Questo modo di dire, popolaresco e un po’ oscuro, si sente pronunciare all’appropinquarsi dei giorni di Palio.

“L’aria sa di cacio” significa infatti, nell’accezione corrente, che è ormai tempo di Palio, che si stanno montando i palchi e lo steccato, si sta per mettere la terra in Piazza e i contradaioli sono già in fermento. Come se quell’atmosfera particolare e unica che si respira a Siena nei giorni della sua celebrazione estiva avesse appunto un sentore di formaggio. Questo curioso adagio veniva usualmente profferito dal compianto Adù Muzzi, tartuchino di chiara fama e grande personaggio cittadino, che lo rese molto popolare, per quanto i più ne ignorassero il significato più recondito.

Per essere precisi, il motto completo che Adù si divertiva a proclamare col suo indimenticato vocione – compiacendosi del senso sibillino della frase – era: “l’aria è scura e sa di cacio, disse il contadino”. La quale aggiunta finale a commento sottintendeva una certa vena derisoria nei confronti di coloro che provenivano dal contado. Per brevità il detto veniva e viene, però, più spesso recitato col solo riferimento al presunto profumo cacioso dell’aria senese.

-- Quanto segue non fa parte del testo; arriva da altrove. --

lemma C_gd_A: "C * gd A = 0"
proof (rule mult_gdrazin_inverse_eq_0[OF corner.is_gdrazin_A
      gdrazin_quasinilpotent[OF swapped.is_gdrazin_A] norm_ge_zero norm_ge_zero])
  fix n
  have "C * A ^ n = scaleC (inverse lam ^ n) ((D - D * D * gd D) ^ n * C)"
    by (simp add: C_A_power gdrazin_power_mult_spectral[OF swapped.is_gdrazin_A]
        swapped.gpi_A_B[unfolded gpi_def])
  hence "norm (C * A ^ n) = cmod (inverse lam) ^ n * norm ((D - D * D * gd D) ^ n * C)"
    by (simp add: norm_scaleC norm_power)
  also have "\<dots> \<le> cmod (inverse lam) ^ n * (norm ((D - D * D * gd D) ^ n) * norm C)"
    by (intro mult_left_mono norm_mult_ineq) simp
  finally show "norm (C * A ^ n) \<le> norm C * cmod (inverse lam) ^ n * norm ((D - D * D * gd D) ^ n)"
    by (simp add: mult_ac)
qed

end

context skew_block
begin

lemma BC_A: "B * C * A = scaleC (inverse lam * inverse lam) (A * (B * C))"
proof -
  have "B * C * A = scaleC (inverse lam) (B * D * C)"
    by (simp add: C_A scaleC_right_mult mult.assoc)
  also have "B * D = scaleC (inverse lam) (A * B)" by (rule swapped_block.C_A)
  finally show ?thesis by (simp add: scaleC_left_mult scaleC_scaleC mult.assoc)
qed

lemma BC_power_A: "(B * C) ^ n * A = scaleC ((inverse lam * inverse lam) ^ n) (A * (B * C) ^ n)"
proof (induction n)
  case (Suc n)
  have "(B * C) ^ Suc n * A = B * C * ((B * C) ^ n * A)" by (simp only: power_Suc mult.assoc)
  also have "\<dots> = scaleC ((inverse lam * inverse lam) ^ n) (B * C * A * (B * C) ^ n)"
    by (simp only: Suc scaleC_right_mult mult.assoc)
  also have "\<dots> = scaleC ((inverse lam * inverse lam) ^ n * (inverse lam * inverse lam))
      (A * (B * C) * (B * C) ^ n)"
    by (simp only: BC_A scaleC_left_mult scaleC_scaleC)
  also have "\<dots> = scaleC ((inverse lam * inverse lam) ^ Suc n) (A * (B * C) ^ Suc n)"
    by (simp only: power_Suc2[of "inverse lam * inverse lam"] power_Suc[of "B * C"] mult.assoc)
  finally show ?case .
qed (simp add: scaleC_one)

lemma gd_BC_A: "gd (B * C) * A = 0"
proof (rule gdrazin_inverse_mult_eq_0[OF corner.is_gdrazin_BC
      gdrazin_quasinilpotent[OF corner.is_gdrazin_BC] norm_ge_zero norm_ge_zero])
  fix n
  let ?q = "B * C - B * C * (B * C) * gd (B * C)"
  have "A * (1 - B * C * gd (B * C)) = A"
    using swapped_block.D_CB_gd_CB by (simp add: algebra_simps)
  hence "(B * C) ^ n * A = scaleC ((inverse lam * inverse lam) ^ n) (A * ?q ^ n)"
    by (simp add: BC_power_A mult_power_gdrazin_spectral[OF corner.is_gdrazin_BC])
  hence "norm ((B * C) ^ n * A) = cmod (inverse lam * inverse lam) ^ n * norm (A * ?q ^ n)"
    by (simp add: norm_scaleC norm_power)
  also have "\<dots> \<le> cmod (inverse lam * inverse lam) ^ n * (norm A * norm (?q ^ n))"
    by (intro mult_left_mono norm_mult_ineq) simp
  finally show "norm ((B * C) ^ n * A)
      \<le> norm A * cmod (inverse lam * inverse lam) ^ n * norm (?q ^ n)"
    by (simp add: mult_ac)
qed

In verità, l’originale modo di dire che Adù aveva fatto proprio, probabilmente udendolo da ragazzo e rielaborandolo in questa versione lievemente spuria, è un po’ diverso, pur mantenendo il medesimo significato. Ma nella sua forma primigenia, come vedremo, se ne capisce meglio il senso.La frase proverbiale in questione appartiene ad un gruppo di motteggi forgiati – verosimilmente nel tardo Ottocento – a scherno degli abitanti di Montieri, evidentemente noti, al tempo, per essere dei sempliciotti, o peggio, dei baggiani.

Questa vera e propria collana di storielle e facezie sui montierini si inquadrava nella più ampia e arcinota polemica tra cittadini e contadini, di cui la Toscana fu privilegiato terreno di coltura e che si è trasposta anche nel Palio con la contrapposizione tra Contrade meno popolose e quelle che avevano avuto un cospicuo innalzamento demografico, causato dall’espansione territoriale in aree extra moenia.

Ma torniamo ai montierini. Non è chiaro il motivo per cui a Siena e dintorni il dileggio verso le popolazioni residenti in quello che fu il contado, si appuntò specificamente sugli abitanti di Montieri. Certo è che queste storielle ebbero un largo e perdurante successo (si pensi all’altro detto proveniente dalla stessa origine, “un di noi, un di loro”, riferito a quando i montierini andarono a caccia di grilli…), per poi perdersi con l’avvento dell’appiattimento culturale portato dal dilagare della moderna multimedialità.

Delle facezie sui montierini ne parlò un articolo del “nuovo corriere senese” alla metà circa degli anni Ottanta (forse a firma del mai troppo rimpianto Alessandro Falassi), poi più nulla. A parte Adù, che come si è detto ne tramandava una versione spuria.

La storia è dunque questa: all’appropinquarsi dell’estate, due coraggiosi montierini annunciarono ai compaesani che avrebbero corso l’avventura di recarsi al famoso Palio di Siena, di cui tutti avevano sentito parlare, ma dove nessun montierino aveva mai avuto l’ardire di spingersi. Così pertanto fecero, salutati da tutto il paese che li vide partire come due eroi per la guerra.

Giunti finalmente a Siena, i due sprovveduti ovviamente trovarono già tutte le locande, gli affittacamere e gli alberghi strapieni; si misero quindi a cercare un alloggio, finché caddero nelle grinfie di un astuto oste che, appreso che provenivano da Montieri, si offrì di ospitarli ad una modica cifra. Li condusse, invece che in una normale camera, nella buia dispensa tra salumi e formaggi, e lì li rinchiuse per tutti e quattro i giorni del Palio. Corsa la carriera, finalmente li liberò e i due, frastornati e perplessi, ripresero la via di casa.

Al loro arrivo a Montieri furono circondati dalla folla dei compaesani, ansiosi di sentire dalla loro viva voce il resoconto di quell’impresa. Ma alla domanda collettiva “allora come è questo famoso Palio di Siena?” furono capaci di rispondere soltanto “mah… è buio come un culo… e l’aria sa di cacio!”.